#79: Dog Eat Dog (2016)

My name is Ed and I have cursed myself to watch the films of Nicolas Cage until either he dies, I die, or I win the lottery by choosing numbers based on the films.

Director Paul Schrader has worked with Cage twice before: he wrote Bringing Out The Dead (along with more famous Scorsese films including Taxi Driver), then he directed Dying Of The Light. That turned into something of a disaster after it was allegedly so badly gutted by the studio during post-production that both Schrader and Cage disowned.

Despite that setback, they were obviously up for working together again, as we now have Dog Eat Dog, an odd sort of crime caper that blends nihilism and the feeling of having had too much sugar for breakfast.

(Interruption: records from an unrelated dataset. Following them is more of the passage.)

(* Let $X$ be a uniformly convex and uniformly smooth Banach space, $x\in X$, and $(x_k)\subset X$ a bounded sequence with $\liminf_k\|x_k-x\|>0$. Then $x_k\rightharpoondown x$ if and only if $(x_k-x)^*\rightharpoonup0$ weakly in $X^*$.
   Context: $x_k\rightharpoondown x$ (Δ-convergence) means: for every $y\in X$, $\limsup_{k\to\infty}(\|x_k-x\|-\|x_k-y\|)\le0$. For $z\in X\setminus\{0\}$, $z^*$ denotes the unique element of $X^*$ with $\|z^*\|=1$ and $\langle z^*,z\rangle=\|z\|$ (unique since $X^*$ is strictly convex); $(x_k-x)^*$ is defined for all large $k$. *)

theory Defs
  imports "HOL-Analysis.Analysis"
begin

(* Real Banach spaces are modelled by the type class banach; the dual space
  X* is the type of bounded linear functionals 'a \<Rightarrow>\<^sub>L real, and X** is
  ('a \<Rightarrow>\<^sub>L real) \<Rightarrow>\<^sub>L real.*)

definition uniformly_convex :: "'a::real_normed_vector itself \<Rightarrow> bool" where
  "uniformly_convex _ \<longleftrightarrow>
     (\<forall>\<epsilon>>0. \<exists>\<delta>>0. \<forall>x y::'a. norm x \<le> 1 \<and> norm y \<le> 1 \<and> norm (x - y) \<ge> \<epsilon>
        \<longrightarrow> norm ((x + y) /\<^sub>R 2) \<le> 1 - \<delta>)"

(* Uniform smoothness: the modulus of smoothness
  rho(t) = sup {(norm (x + t y) + norm (x - t y))/2 - 1 : norm x = norm y = 1}
  satisfies rho(t)/t \<rightarrow> 0 as t \<rightarrow> 0+ (written out in epsilon-delta form).*)
definition uniformly_smooth :: "'a::real_normed_vector itself \<Rightarrow> bool" where
  "uniformly_smooth _ \<longleftrightarrow>
     (\<forall>\<epsilon>>0. \<exists>\<delta>>0. \<forall>t. 0 < t \<and> t < \<delta> \<longrightarrow>
        (\<forall>x y::'a. norm x = 1 \<and> norm y = 1 \<longrightarrow>
           (norm (x + t *\<^sub>R y) + norm (x - t *\<^sub>R y)) / 2 - 1 \<le> \<epsilon> * t))"

definition dual_elem :: "'a::real_normed_vector \<Rightarrow> ('a \<Rightarrow>\<^sub>L real)" where
  "dual_elem z = (THE f. norm f = 1 \<and> blinfun_apply f z = norm z)"

definition Delta_converges :: "(nat \<Rightarrow> 'a::real_normed_vector) \<Rightarrow> 'a \<Rightarrow> bool" where
  "Delta_converges xs x \<longleftrightarrow>
     (\<forall>y. limsup (\<lambda>k. ereal (norm (xs k - x) - norm (xs k - y))) \<le> 0)"

definition weakly_converges :: "(nat \<Rightarrow> 'b::real_normed_vector) \<Rightarrow> 'b \<Rightarrow> bool" where
  "weakly_converges fs f \<longleftrightarrow>
     (\<forall>\<Psi> :: 'b \<Rightarrow>\<^sub>L real. (\<lambda>k. blinfun_apply \<Psi> (fs k)) \<longlonglongrightarrow> blinfun_apply \<Psi> f)"

end

theory Submission
  imports Defs
begin

text \<open>
  For \<open>z \<noteq> 0\<close> in a uniformly smooth space the right derivative of the norm,
  \<open>v \<mapsto> lim (norm (z + t v) - norm z) / t\<close> as \<open>t \<rightarrow> 0+\<close>, is linear, hence it is the unique norming
  functional \<open>z*\<close>; by convexity \<open>norm z + z*(u) \<le> norm (z + u)\<close>. With \<open>z\<^sub>k = x\<^sub>k - x\<close> and
  \<open>u = x - y\<close> this gives \<open>norm (x\<^sub>k - x) - norm (x\<^sub>k - y) \<le> z\<^sub>k*(y - x)\<close>, so \<open>z\<^sub>k* \<rightarrow> 0\<close>
  pointwise implies \<open>\<Delta>\<close>-convergence. Conversely, uniform smoothness bounds
  \<open>norm (z + t w) + norm (z - t w) - 2 norm z\<close> by \<open>o(t) norm w\<close> uniformly for \<open>norm z \<ge> c > 0\<close>;
  applied to \<open>y = x + t w\<close> the \<open>\<Delta>\<close>-inequality then yields \<open>limsup z\<^sub>k*(w) \<le> 0\<close> for all \<open>w\<close>.
  Finally, a uniformly convex and uniformly smooth space is reflexive, so pointwise convergence
  of functionals on \<open>X\<close> is weak convergence in \<open>X*\<close>.
\<close>

section \<open>The directional derivative of the norm\<close>

definition norm_diff_quot :: "'a::real_normed_vector \<Rightarrow> 'a \<Rightarrow> real \<Rightarrow> real" where
  "norm_diff_quot z v t = (norm (z + t *\<^sub>R v) - norm z) / t"

text \<open>The right derivative of \<open>t \<mapsto> norm (z + t v)\<close> at \<open>0\<close>: difference quotients of a convex
  function decrease as \<open>t \<down> 0\<close>, so their infimum is the limit.\<close>
definition norm_dir_deriv :: "'a::real_normed_vector \<Rightarrow> 'a \<Rightarrow> real" where
  "norm_dir_deriv z v = Inf (norm_diff_quot z v ` {0<..})"

lemma abs_norm_diff_quot_le:
  assumes "0 < t" shows "\<bar>norm_diff_quot z v t\<bar> \<le> norm v"
proof -
  have "\<bar>norm (z + t *\<^sub>R v) - norm z\<bar> \<le> norm v * t"
    using norm_triangle_ineq3[of "z + t *\<^sub>R v" z] assms by (simp add: mult.commute)
  thus ?thesis using assms by (simp add: norm_diff_quot_def abs_divide pos_divide_le_eq)
qed

lemma norm_diff_quot_ge: "0 < t \<Longrightarrow> - norm v \<le> norm_diff_quot z v t"
  using abs_norm_diff_quot_le[of t z v] by linarith

lemma norm_dir_deriv_le: "0 < t \<Longrightarrow> norm_dir_deriv z v \<le> norm_diff_quot z v t"
  unfolding norm_dir_deriv_def
  by (rule cInf_lower) (auto intro!: bdd_belowI[of _ "- norm v"] norm_diff_quot_ge)

lemma norm_dir_deriv_greatest:
  "(\<And>t. 0 < t \<Longrightarrow> c \<le> norm_diff_quot z v t) \<Longrightarrow> c \<le> norm_dir_deriv z v"
  unfolding norm_dir_deriv_def by (rule cInf_greatest) auto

Dog Eat Dog sees Cage on fairly familiar ground as one of a trio of ex-cons (the others being Willem Defoe and some guy who doesn’t even have a Wikipedia page) who attempt to escape their criminal pasts by, er, kidnapping a baby for ransom. This and their various other misadventures end poorly for all concerned, including the viewer.

At first glance, the film’s got enough style — brash, lurid, loud though that style may be — that it raises some hope. Especially if you’ve just watched Snowden and USS Indianapolis: Men of Courage. But it never gets beyond that, as half-baked characters stumble through a series of vaguely-connected events that only qualify as plot on a technicality. A shaggy Dog Eat Dog story, if you ask me!!!!

As the performances go, Dafoe is enjoyably unpleasant as the ‘title’ character Mad Dog, is at turns the most simpleminded, psychopathic and neurotic member of the group. The role was initially offered to Cage, who felt it was too close to what he’d done in something else (presumably Army Of One, of which more next time). This is a shame, as I suspect he’d have made a bit more of it than he does as Troy, the group’s leader. He gets a bit more to chew on than in the last couple of films, but he doesn’t quite do enough to save the aimlessly nihilistic material.

The film occasionally wobbles into something fun — a character unexpectedly launching into a conspiracy theory about sad dead musician Elliott Smith, the criminals spraying each other with condiments in a hotel room, the unsettlingly sight of Willem Defoe making out with someone — but it never seems to quite get ahold of the tone it’s grasping at.

Even if it had, it wouldn’t excuse it from practically all the female characters being either a) props, b) victims or c) punched in the face by Nicolas Cage in lingering slow motion. Are you thinking of doing some edgy ironic misogyny in a film? Probably do something else instead!

To be charitable, perhaps you could read some of the flaws of Dog Eat Dog as ‘the point’ — to give us a bunch of criminals so morally bankrupt, inept and generally awful that all the slick film-making techniques in the world can’t glamorise them. To be less charitable, it executes that idea badly and I didn’t need to spend two hours watching a film to know that crime is bad.

THE NUMBERS

15 — Nic Cage goes to jail for a ‘5 to 15 year hit’ for naughty drugs crime and then attempting a violent escape from the court where he was being convicted of the naughty drugs crime.

25 — The film was apparently shot in only 25 days, by a crew mostly comprised of recent film school graduates.

26 — This is, as far as I can recall, the first Nicolas Cage film to feature Taylor Swift. She isn’t actually in it, she’s one of the things that Willem Dafoe says he didn’t know about because he was in prison. Along with the Iraq War. Later in the film Nicolas Cage reads the issue of GQ on which she appeared on the front cover. She was 26 at the time.

28 — Nic Cage ended up in prison because ‘some asshole cop’ planted 28 grams of coke on him.

30 — Making her second appearance in a Nicolas Cage film (after a fairly big part in Left Behind) is Nicky Whelan, better known to people who watched the Australian soap opera Neighbours in 2006 as Pepper Steiger from the Australian soap opera Neighbours in 2006. She lived at number 30, Ramsay Street.

47 — The first dialogue we hear in the film is someone on TV talking about a hypothetical 62-year-old woman with an AK-47.

THE RESULT

Lottery draw: 2287

Date: Wednesday 22 November, 2017

Jackpot: £1,855,244

Draw machine: Lancelot

Ball set: 3

Balls drawn: 2,16,17,27,36,37

Bonus ball: 42

Numbers selected: 15,25,26,28,30,47

Matching balls: 0

Numbers selected (lucky dip): N/A

Matching balls (lucky dip): N/A

Winnings: £0 (£0 to date)

Total Profit/Loss: £-156

0 numbers. Truly I have learned that crime does not pay. Again.

NEXT TIME, ON WINNING THE LOTTERY WITH NICOLAS CAGE:

Army Of One, which is another bloody True Story, only this time featuring Russell Brand as God. That’s sure to be good.